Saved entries

════════════════

lemma exists_Pf_uniformly_near_point:
  fixes \<phi> :: "'g \<Rightarrow> 'a::t2_space \<Rightarrow> 'a"
  assumes grp: "group G" and cpt: "compact (UNIV :: 'a set)"
    and cont: "\<forall>g \<in> carrier G. continuous_on UNIV (\<phi> g)"
    and mini: "minimal_action G \<phi>"
    and H: "finite H" "\<forall>h\<in>H. continuous_on UNIV (h :: 'a \<Rightarrow> real)" and e: "e > 0"
  shows "\<exists>\<mu>\<in>Pf G. \<forall>h\<in>H. \<forall>z. \<bar>gen_apply G \<phi> \<mu> h z - h x\<bar> \<le> e"
proof -
  define U where "U = (\<Inter>h\<in>H. {z. \<bar>h z - h x\<bar> < e})"
  have "open U"
    unfolding U_def using H
    by (intro open_INT) (auto intro!: open_Collect_less continuous_intros)
  moreover have "x \<in> U" using e by (auto simp: U_def)
  ultimately have "\<exists>g. g \<in> carrier G \<and> \<phi> g y \<in> U" for y
    using minimal_action_orbit_meets_open[OF mini] by blast
  then obtain g where g: "\<And>y. g y \<in> carrier G" "\<And>y. \<phi> (g y) y \<in> U"
    by metis
  define V where "V y = \<phi> (g y) -` U" for y
  have V_open: "open (V y)" for y
    using continuous_on_open_vimage[of UNIV "\<phi> (g y)"] cont g(1) \<open>open U\<close> by (auto simp: V_def)
  have V_mem: "y \<in> V y" for y using g(2) by (simp add: V_def)
  obtain Y and f :: "'a \<Rightarrow> 'a \<Rightarrow> real" where Y: "finite Y" and f: "\<And>y. continuous_on UNIV (f y)"
    "\<And>y z. 0 \<le> f y z" "\<And>y. f y \<noteq> (\<lambda>_. 0)" "\<And>y z. z \<notin> V y \<Longrightarrow> f y z = 0"
    "\<And>z. (\<Sum>y\<in>Y. (f y z)\<^sup>2) = 1"
    using compact_t2_sqrt_partition_of_unity[OF cpt V_open V_mem] by blast
  obtain ys where ys: "set ys = Y" "distinct ys" using finite_distinct_list[OF Y] by blast
  define \<mu> where "\<mu> = map (\<lambda>y. (inv\<^bsub>G\<^esub> (g y), f y)) ys"
  have sq_sum: "(\<Sum>(s, f) \<leftarrow> \<mu>. (f z)\<^sup>2) = 1" for z
    using f(5)[of z] ys by (simp add: \<mu>_def sum_list_distinct_conv_sum_set comp_def)
  have "\<mu> \<in> Pf G"
    unfolding Pf_def
  proof (intro CollectI conjI ballI ext)
    fix p assume "p \<in> set \<mu>"
    then obtain y where "p = (inv\<^bsub>G\<^esub> (g y), f y)" by (auto simp: \<mu>_def)
    thus "case p of (s, f) \<Rightarrow> s \<in> carrier G \<and> continuous_on UNIV f \<and> (\<forall>y. 0 \<le> f y) \<and> f \<noteq> (\<lambda>_. 0)"
      using f(1-3) g(1) grp by (simp add: group.inv_closed)
  qed (rule sq_sum)
  moreover have "\<bar>gen_apply G \<phi> \<mu> h z - h x\<bar> \<le> e" if "h \<in> H" for h z
  proof (rule gen_apply_convex_bound[OF sq_sum])
    fix s f' assume "(s, f') \<in> set \<mu>" "f' z \<noteq> 0"
    then obtain y where "s = inv\<^bsub>G\<^esub> (g y)" "f' = f y" "z \<in> V y"
      using f(4) by (auto simp: \<mu>_def)
    hence "\<phi> (g y) z \<in> U" "fun_act G \<phi> s h z = h (\<phi> (g y) z)"
      using g(1) grp by (simp_all add: V_def fun_act_def group.inv_inv)
    thus "\<bar>fun_act G \<phi> s h z - h x\<bar> \<le> e"
      using that by (simp add: U_def less_imp_le)
  qed (use e in simp)
  ultimately show ?thesis by blast
qed
definition frob_solutions :: "(nat \<Rightarrow> nat \<Rightarrow> 'a::comm_ring_1) \<Rightarrow> (nat \<Rightarrow> 'a) set" where
  "frob_solutions C = {z. (\<forall>i\<ge>3. z i = 0) \<and> (\<forall>i<3. sq_vec z i = mat_vec C z i)}"

lemma dot3_unit0: "dot3 unit0 z = z 0"
  by (simp add: dot3_def unit0_def)

lemma frob_dual_unit0: "frob_dual C unit0 = C 0"
  by (simp add: frob_dual_def dot3_def sq_vec_def unit0_def)

lemma frob_dual_scale:
  "frob_dual (\<lambda>i j. C i j * s) (\<lambda>j. r j * c) = (\<lambda>j. frob_dual C r j * (c ^ 2 * s))"
  by (simp add: frob_dual_def dot3_def sq_vec_def algebra_simps)

lemma frob_iterate_scale:
  "frob_iterate (\<lambda>i j. C i j * s) k = (\<lambda>j. frob_iterate C k j * s ^ (2 ^ Suc k - 1))"
proof (induction k)
  case (Suc k)
  have "(1::nat) \<le> 2 ^ k" by simp
  then have "2 * (2 ^ Suc k - 1) + 1 = (2::nat) ^ Suc (Suc k) - 1" by (simp only: power_Suc)
  then have exp: "(s ^ (2 ^ Suc k - 1)) ^ 2 * s = s ^ (2 ^ Suc (Suc k) - 1)"
    by (metis power_Suc2 power_mult mult.commute Suc_eq_plus1)
  have "frob_iterate (\<lambda>i j. C i j * s) (Suc k) = frob_dual (\<lambda>i j. C i j * s) (frob_iterate (\<lambda>i j. C i j * s) k)"
    by (simp add: frob_iterate_def)
  also have "\<dots> = (\<lambda>j. frob_iterate C (Suc k) j * ((s ^ (2 ^ Suc k - 1)) ^ 2 * s))"
    by (simp only: Suc.IH frob_dual_scale) (simp add: frob_iterate_def)
  finally show ?case by (simp only: exp)
qed (simp add: frob_iterate_def)

lemma power2_dot3_CHAR2:
  assumes "CHAR('a::comm_ring_1) = 2"
  shows "(dot3 r z :: 'a) ^ 2 = dot3 (sq_vec r) (sq_vec z)"
  by (simp add: dot3_def sq_vec_def CHAR2_power2_add[OF assms] power_mult_distrib)

lemma det3_sq_vec_CHAR2:
  assumes "CHAR('a::comm_ring_1) = 2"
  shows "det3 (sq_vec p) (sq_vec q) (sq_vec r) = (det3 p q r :: 'a) ^ 2"
  by (simp add: det3_def sq_vec_def minus_CHAR_2[OF assms] CHAR2_power2_add[OF assms] power_mult_distrib)

lemma dot3_sq_vec_mat_vec: "dot3 (sq_vec r) (mat_vec C z) = dot3 (frob_dual C r) z"
  by (simp add: dot3_def sq_vec_def mat_vec_def frob_dual_def algebra_simps)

════════════════

Copy every line from the records above that contains the string "define".

| Answer |
  define U where "U = (\<Inter>h\<in>H. {z. \<bar>h z - h x\<bar> < e})"
  define V where "V y = \<phi> (g y) -` U" for y
  define \<mu> where "\<mu> = map (\<lambda>y. (inv\<^bsub>G\<^esub> (g y), f y)) ys"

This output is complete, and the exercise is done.